* [AIM OF THE TASK]:
Stop after the line containing "(simp add: walk_Cons_Cons)"; retype every line of the data before it exactly, starting from the first.

* [Dataset excerpts]:
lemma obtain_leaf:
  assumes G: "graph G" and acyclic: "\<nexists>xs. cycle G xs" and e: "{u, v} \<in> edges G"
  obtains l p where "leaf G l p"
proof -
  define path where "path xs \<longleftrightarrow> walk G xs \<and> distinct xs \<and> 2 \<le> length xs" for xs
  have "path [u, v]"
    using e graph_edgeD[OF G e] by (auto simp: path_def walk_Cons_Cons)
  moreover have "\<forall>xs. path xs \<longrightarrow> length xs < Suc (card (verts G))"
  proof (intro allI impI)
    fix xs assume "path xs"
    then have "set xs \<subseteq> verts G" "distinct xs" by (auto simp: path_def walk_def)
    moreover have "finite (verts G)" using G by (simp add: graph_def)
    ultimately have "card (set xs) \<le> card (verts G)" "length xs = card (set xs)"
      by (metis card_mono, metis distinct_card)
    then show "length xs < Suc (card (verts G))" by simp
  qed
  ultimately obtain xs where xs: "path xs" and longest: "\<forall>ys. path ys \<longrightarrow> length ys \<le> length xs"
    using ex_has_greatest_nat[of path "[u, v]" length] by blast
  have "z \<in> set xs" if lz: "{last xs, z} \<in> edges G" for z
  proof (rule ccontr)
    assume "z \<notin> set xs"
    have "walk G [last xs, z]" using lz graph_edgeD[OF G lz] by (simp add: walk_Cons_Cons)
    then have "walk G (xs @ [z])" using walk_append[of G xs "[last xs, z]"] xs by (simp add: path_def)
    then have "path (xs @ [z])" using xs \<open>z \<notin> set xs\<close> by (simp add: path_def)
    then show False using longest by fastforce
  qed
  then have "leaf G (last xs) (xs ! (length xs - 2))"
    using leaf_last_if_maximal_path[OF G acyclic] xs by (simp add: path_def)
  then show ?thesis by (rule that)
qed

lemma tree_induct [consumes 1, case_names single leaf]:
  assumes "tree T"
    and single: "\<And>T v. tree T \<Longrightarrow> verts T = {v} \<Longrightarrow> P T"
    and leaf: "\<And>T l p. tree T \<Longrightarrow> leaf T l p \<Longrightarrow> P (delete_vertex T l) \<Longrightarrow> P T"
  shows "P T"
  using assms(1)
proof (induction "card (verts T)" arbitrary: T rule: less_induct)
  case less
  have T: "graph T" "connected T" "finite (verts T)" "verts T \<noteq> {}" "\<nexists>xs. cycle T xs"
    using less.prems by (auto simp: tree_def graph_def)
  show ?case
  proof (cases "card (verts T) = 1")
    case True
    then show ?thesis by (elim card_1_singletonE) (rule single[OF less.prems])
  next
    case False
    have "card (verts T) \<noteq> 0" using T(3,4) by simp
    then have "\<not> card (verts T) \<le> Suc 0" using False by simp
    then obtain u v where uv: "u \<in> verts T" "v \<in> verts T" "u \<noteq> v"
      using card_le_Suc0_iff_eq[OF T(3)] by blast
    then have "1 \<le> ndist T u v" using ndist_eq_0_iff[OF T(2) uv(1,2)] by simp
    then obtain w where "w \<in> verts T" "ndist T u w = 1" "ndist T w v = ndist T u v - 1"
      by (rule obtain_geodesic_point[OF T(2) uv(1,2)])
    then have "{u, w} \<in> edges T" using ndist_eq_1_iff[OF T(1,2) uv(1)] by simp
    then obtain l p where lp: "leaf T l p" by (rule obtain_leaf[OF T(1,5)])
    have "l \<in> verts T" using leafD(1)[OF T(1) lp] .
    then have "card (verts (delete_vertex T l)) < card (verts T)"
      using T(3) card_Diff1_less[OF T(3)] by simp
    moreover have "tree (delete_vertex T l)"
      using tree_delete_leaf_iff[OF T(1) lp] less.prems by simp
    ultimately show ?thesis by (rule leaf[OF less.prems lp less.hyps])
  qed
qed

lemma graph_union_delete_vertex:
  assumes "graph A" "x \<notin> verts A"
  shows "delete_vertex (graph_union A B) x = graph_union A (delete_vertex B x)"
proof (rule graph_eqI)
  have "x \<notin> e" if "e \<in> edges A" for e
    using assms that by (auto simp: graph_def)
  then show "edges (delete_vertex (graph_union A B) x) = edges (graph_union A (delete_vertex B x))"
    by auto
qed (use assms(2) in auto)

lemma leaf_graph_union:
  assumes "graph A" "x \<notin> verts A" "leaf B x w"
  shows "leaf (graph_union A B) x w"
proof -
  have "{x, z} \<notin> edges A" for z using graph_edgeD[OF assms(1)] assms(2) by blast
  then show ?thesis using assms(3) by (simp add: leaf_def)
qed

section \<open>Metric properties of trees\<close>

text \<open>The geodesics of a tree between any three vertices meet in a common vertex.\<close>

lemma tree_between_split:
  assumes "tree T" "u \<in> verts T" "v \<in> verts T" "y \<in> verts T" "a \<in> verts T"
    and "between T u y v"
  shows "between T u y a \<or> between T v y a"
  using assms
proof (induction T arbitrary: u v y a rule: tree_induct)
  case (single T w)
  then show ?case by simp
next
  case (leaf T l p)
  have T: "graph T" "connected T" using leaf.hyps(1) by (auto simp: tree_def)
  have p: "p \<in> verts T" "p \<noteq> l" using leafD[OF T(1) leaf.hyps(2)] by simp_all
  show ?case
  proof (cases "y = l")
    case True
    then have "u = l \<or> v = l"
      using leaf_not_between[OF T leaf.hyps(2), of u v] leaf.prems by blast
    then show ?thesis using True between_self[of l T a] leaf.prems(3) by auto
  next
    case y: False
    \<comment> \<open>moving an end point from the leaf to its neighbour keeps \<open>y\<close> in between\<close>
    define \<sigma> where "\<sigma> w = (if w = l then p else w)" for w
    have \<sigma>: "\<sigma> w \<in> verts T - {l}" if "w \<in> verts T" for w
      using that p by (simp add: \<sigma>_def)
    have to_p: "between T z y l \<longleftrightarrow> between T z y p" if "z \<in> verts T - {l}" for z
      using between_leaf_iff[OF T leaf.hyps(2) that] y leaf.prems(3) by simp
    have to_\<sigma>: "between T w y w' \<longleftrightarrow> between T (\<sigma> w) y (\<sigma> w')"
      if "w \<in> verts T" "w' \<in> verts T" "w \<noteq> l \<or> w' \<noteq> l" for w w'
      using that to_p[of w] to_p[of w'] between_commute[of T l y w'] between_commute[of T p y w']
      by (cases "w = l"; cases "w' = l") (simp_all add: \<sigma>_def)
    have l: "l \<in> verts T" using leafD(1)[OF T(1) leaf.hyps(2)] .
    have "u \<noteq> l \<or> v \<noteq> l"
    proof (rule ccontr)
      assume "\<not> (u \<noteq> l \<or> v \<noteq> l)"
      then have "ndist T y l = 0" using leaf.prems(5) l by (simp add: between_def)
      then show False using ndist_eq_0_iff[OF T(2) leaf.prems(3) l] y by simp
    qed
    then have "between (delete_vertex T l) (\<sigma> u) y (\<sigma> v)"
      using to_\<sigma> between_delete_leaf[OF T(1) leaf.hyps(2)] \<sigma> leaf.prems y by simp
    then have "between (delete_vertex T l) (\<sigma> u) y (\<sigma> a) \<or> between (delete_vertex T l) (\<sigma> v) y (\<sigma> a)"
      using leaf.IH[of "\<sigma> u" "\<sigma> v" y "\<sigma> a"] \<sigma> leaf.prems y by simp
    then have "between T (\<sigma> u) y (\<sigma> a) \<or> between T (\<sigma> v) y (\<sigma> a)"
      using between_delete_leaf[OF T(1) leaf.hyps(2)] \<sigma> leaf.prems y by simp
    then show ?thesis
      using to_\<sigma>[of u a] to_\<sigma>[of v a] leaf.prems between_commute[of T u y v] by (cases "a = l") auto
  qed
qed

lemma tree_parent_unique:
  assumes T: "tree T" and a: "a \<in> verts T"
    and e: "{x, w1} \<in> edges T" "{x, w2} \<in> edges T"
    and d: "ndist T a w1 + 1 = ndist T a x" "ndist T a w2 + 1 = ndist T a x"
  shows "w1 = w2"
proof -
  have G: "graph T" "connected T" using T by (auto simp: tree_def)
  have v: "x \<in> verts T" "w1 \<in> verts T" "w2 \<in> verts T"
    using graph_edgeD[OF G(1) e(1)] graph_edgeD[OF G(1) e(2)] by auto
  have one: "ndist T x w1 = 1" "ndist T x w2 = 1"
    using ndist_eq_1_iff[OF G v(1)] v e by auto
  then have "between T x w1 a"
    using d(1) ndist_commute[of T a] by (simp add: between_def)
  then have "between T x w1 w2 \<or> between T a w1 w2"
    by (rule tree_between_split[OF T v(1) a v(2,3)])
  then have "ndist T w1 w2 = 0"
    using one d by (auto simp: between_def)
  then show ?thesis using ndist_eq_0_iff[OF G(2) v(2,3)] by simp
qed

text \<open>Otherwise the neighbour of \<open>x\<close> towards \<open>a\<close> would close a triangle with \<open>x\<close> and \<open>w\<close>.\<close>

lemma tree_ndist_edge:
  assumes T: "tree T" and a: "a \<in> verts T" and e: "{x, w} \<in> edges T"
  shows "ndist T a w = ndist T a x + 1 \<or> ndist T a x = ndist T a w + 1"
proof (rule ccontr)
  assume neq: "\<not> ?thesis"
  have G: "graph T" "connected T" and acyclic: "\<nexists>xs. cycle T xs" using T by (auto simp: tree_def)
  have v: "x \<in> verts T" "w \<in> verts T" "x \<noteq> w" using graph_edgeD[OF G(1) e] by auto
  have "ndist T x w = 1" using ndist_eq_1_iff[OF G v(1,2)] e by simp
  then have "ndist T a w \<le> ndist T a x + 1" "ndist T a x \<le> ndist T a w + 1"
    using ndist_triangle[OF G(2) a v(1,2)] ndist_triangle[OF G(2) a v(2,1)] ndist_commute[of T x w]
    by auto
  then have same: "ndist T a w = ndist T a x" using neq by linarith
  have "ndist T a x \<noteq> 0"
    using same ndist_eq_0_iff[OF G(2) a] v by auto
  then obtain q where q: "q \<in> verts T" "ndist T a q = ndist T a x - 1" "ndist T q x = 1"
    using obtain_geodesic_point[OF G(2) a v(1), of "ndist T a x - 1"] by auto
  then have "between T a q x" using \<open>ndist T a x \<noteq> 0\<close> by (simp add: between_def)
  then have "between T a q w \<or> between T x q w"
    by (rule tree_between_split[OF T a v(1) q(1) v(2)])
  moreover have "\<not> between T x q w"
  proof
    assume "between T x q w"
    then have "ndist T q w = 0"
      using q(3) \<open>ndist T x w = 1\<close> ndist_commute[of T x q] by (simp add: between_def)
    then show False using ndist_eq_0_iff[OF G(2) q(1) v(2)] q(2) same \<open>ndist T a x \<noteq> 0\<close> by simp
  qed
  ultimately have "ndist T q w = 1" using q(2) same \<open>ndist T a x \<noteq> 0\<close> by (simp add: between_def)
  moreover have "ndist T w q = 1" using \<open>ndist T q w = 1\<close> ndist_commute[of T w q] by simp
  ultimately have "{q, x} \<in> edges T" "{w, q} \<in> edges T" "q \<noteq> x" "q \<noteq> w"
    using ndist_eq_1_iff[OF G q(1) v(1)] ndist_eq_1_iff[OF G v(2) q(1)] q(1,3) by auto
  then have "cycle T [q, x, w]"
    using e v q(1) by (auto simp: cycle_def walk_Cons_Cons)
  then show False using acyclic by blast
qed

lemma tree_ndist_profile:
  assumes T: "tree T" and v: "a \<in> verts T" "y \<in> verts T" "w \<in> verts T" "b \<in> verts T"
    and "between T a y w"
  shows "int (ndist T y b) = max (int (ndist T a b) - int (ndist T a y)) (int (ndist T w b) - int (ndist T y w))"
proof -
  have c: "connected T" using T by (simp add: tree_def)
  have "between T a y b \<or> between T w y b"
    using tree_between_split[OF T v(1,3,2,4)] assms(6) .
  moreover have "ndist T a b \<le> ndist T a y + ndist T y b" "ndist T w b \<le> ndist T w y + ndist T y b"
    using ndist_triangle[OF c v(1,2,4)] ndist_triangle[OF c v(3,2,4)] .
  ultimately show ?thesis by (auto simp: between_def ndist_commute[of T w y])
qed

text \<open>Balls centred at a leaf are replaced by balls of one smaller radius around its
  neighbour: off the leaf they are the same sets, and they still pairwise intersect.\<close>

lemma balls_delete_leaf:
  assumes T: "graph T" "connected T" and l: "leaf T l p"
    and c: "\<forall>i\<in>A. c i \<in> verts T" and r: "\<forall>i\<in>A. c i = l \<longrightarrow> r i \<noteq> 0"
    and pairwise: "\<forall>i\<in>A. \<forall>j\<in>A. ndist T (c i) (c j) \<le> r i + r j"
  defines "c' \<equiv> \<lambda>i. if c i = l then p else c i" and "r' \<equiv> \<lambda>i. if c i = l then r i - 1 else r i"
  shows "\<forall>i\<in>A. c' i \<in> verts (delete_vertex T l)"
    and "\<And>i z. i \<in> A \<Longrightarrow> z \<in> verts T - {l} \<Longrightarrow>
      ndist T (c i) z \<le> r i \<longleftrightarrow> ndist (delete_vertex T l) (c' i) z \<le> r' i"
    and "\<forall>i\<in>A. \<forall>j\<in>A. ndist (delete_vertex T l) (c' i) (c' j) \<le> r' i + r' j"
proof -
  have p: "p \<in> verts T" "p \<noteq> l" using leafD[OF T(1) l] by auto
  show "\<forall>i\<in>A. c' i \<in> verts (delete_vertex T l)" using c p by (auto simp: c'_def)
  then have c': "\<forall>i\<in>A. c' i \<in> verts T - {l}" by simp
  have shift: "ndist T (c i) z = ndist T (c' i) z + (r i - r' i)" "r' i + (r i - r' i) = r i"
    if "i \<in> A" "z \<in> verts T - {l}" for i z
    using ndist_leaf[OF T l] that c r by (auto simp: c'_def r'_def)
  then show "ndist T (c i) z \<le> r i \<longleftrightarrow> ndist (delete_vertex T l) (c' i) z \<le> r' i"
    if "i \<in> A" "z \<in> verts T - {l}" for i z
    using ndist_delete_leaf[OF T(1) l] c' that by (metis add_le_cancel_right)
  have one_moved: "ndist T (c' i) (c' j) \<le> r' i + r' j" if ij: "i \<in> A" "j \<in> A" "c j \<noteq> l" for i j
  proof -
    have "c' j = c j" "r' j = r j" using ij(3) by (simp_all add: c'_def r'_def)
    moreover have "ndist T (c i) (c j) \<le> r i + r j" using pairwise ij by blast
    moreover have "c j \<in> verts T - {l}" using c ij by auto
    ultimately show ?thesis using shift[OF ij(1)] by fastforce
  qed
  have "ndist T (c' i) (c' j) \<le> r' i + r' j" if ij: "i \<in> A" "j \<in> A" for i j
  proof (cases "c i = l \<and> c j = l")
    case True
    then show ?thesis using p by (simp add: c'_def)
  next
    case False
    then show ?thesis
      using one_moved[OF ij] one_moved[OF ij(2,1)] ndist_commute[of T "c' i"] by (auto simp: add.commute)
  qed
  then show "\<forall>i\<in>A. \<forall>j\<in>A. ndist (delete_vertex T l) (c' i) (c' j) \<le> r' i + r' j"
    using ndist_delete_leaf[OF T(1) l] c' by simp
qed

* [THE COMPLETED TASK]:
lemma obtain_leaf:
  assumes G: "graph G" and acyclic: "\<nexists>xs. cycle G xs" and e: "{u, v} \<in> edges G"
  obtains l p where "leaf G l p"
proof -
  define path where "path xs \<longleftrightarrow> walk G xs \<and> distinct xs \<and> 2 \<le> length xs" for xs
  have "path [u, v]"
    using e graph_edgeD[OF G e] by (auto simp: path_def walk_Cons_Cons)
  moreover have "\<forall>xs. path xs \<longrightarrow> length xs < Suc (card (verts G))"
  proof (intro allI impI)
    fix xs assume "path xs"
    then have "set xs \<subseteq> verts G" "distinct xs" by (auto simp: path_def walk_def)
    moreover have "finite (verts G)" using G by (simp add: graph_def)
    ultimately have "card (set xs) \<le> card (verts G)" "length xs = card (set xs)"
      by (metis card_mono, metis distinct_card)
    then show "length xs < Suc (card (verts G))" by simp
  qed
  ultimately obtain xs where xs: "path xs" and longest: "\<forall>ys. path ys \<longrightarrow> length ys \<le> length xs"
    using ex_has_greatest_nat[of path "[u, v]" length] by blast
  have "z \<in> set xs" if lz: "{last xs, z} \<in> edges G" for z
  proof (rule ccontr)
    assume "z \<notin> set xs"
    have "walk G [last xs, z]" using lz graph_edgeD[OF G lz] by (simp add: walk_Cons_Cons)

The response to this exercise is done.